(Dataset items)
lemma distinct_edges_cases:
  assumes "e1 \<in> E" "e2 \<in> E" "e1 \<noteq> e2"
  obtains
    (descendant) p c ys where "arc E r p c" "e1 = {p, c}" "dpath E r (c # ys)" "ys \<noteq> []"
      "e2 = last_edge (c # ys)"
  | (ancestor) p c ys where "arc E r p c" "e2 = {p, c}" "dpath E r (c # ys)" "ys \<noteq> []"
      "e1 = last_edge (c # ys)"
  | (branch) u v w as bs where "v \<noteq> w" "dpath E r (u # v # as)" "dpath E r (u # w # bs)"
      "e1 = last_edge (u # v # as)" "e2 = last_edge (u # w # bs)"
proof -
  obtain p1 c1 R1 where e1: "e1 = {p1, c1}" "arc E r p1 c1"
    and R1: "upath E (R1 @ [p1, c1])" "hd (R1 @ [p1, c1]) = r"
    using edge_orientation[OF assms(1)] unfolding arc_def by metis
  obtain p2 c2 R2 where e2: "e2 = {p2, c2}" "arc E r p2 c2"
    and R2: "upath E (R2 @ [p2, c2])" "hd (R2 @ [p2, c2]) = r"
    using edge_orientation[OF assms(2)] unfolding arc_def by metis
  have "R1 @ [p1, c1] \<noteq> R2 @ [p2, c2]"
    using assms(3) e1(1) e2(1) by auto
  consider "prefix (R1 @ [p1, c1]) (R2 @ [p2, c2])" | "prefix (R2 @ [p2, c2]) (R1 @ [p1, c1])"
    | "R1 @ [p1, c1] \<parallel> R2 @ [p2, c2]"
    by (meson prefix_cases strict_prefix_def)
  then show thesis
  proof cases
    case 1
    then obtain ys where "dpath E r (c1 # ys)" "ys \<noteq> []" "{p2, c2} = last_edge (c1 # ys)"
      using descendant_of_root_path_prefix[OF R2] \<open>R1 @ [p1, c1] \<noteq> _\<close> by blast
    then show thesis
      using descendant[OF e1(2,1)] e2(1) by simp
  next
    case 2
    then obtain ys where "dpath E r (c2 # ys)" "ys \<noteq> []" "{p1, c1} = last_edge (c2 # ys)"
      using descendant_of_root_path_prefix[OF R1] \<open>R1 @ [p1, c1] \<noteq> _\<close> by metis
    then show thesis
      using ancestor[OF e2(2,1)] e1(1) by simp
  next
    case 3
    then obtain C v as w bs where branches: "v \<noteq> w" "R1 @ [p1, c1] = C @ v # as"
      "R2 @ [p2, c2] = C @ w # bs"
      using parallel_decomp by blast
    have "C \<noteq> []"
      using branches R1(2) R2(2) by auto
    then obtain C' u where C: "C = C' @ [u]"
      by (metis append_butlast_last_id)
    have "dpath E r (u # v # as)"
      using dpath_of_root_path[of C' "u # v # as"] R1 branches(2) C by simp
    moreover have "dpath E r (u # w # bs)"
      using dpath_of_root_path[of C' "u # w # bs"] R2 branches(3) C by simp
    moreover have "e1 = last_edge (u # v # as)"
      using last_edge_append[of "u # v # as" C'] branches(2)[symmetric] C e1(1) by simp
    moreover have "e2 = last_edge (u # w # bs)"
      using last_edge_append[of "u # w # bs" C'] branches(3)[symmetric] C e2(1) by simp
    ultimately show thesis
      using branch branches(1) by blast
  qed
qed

--

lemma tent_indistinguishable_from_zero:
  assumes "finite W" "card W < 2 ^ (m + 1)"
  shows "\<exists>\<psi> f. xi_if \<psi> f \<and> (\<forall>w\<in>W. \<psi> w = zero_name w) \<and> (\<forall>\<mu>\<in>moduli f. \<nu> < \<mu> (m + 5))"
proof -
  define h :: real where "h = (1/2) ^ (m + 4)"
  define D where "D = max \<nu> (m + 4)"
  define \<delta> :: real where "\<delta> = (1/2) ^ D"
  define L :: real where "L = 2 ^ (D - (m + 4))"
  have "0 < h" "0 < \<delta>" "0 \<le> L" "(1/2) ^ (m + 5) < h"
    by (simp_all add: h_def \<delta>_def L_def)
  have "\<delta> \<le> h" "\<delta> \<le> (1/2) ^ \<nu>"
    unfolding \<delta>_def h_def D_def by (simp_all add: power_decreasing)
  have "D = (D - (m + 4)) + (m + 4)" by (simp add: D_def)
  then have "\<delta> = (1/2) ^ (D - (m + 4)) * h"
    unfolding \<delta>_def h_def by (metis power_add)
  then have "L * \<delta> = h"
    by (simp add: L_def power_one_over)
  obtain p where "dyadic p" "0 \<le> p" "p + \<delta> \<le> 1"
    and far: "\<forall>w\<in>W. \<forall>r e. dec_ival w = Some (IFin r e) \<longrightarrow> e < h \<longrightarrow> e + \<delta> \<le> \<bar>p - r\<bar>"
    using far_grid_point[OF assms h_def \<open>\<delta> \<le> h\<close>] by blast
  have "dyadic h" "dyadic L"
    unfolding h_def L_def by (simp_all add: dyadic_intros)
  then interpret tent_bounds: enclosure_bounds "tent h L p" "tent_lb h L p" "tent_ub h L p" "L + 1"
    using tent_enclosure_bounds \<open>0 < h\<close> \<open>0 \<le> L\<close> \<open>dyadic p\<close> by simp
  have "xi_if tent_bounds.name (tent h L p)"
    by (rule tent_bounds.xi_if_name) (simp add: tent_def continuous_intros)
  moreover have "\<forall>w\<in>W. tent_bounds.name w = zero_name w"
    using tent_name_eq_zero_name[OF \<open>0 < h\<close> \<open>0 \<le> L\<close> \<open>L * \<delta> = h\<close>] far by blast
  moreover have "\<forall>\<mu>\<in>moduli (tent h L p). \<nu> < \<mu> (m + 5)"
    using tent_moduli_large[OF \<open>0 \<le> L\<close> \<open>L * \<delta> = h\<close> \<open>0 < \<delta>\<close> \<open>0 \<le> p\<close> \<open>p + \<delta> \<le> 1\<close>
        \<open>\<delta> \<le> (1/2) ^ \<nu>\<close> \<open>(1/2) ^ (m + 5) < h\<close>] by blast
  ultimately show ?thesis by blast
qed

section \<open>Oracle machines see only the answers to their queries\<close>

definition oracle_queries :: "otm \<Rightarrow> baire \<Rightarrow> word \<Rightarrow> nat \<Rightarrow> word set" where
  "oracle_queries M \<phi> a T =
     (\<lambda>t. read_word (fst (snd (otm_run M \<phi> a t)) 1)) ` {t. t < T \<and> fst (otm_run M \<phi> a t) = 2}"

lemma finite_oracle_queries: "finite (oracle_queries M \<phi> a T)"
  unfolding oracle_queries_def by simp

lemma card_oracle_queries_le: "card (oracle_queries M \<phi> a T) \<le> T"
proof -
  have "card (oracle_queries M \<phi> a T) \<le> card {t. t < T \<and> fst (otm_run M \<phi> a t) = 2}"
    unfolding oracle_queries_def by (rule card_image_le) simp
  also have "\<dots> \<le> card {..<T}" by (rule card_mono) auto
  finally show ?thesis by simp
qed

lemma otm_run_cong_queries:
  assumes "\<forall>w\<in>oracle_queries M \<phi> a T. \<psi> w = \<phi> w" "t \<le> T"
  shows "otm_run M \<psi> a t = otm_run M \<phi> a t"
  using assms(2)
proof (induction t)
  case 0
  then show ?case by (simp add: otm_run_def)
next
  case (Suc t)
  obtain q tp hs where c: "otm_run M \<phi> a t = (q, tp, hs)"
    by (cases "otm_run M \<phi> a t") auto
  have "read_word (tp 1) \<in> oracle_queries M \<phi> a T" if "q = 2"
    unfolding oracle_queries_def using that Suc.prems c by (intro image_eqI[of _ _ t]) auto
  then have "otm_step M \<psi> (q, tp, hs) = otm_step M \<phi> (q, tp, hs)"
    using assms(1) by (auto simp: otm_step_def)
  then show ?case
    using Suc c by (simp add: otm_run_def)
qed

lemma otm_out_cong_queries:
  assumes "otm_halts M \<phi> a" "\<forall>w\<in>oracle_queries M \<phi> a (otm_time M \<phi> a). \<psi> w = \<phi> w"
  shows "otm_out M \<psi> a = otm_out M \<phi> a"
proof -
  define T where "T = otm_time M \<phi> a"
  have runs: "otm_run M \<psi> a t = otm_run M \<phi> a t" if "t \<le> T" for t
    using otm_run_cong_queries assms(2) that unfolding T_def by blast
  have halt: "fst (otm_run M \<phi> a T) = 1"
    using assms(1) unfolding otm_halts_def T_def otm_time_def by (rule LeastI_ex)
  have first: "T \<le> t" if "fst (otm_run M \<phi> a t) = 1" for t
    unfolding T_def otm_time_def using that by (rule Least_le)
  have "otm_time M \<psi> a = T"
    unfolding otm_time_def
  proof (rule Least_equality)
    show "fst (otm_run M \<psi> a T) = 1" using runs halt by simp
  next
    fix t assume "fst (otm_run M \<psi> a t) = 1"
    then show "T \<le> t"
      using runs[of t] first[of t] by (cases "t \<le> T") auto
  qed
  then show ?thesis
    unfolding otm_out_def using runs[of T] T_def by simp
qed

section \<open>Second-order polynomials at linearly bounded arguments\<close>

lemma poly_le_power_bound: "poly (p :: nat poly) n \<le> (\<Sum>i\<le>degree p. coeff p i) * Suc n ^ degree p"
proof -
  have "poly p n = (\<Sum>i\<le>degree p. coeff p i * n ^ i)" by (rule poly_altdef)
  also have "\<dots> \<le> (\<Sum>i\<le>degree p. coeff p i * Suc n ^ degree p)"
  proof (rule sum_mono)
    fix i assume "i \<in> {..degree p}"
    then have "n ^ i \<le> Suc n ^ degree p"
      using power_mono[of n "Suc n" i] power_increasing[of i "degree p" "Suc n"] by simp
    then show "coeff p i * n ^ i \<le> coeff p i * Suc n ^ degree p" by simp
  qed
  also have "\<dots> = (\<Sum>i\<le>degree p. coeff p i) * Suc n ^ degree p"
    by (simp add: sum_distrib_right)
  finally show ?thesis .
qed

--- PROBLEM REQUIREMENTS ---
Above are the lines; repeat exactly the ones from the line containing "(branch) u v" down to the line containing "obtain p1 c1", both inclusive.

--- ANSWER BOX ---
  | (branch) u v w as bs where "v \<noteq> w" "dpath E r (u # v # as)" "dpath E r (u # w # bs)"
      "e1 = last_edge (u # v # as)" "e2 = last_edge (u # w # bs)"
proof -
  obtain p1 c1 R1 where e1: "e1 = {p1, c1}" "arc E r p1 c1"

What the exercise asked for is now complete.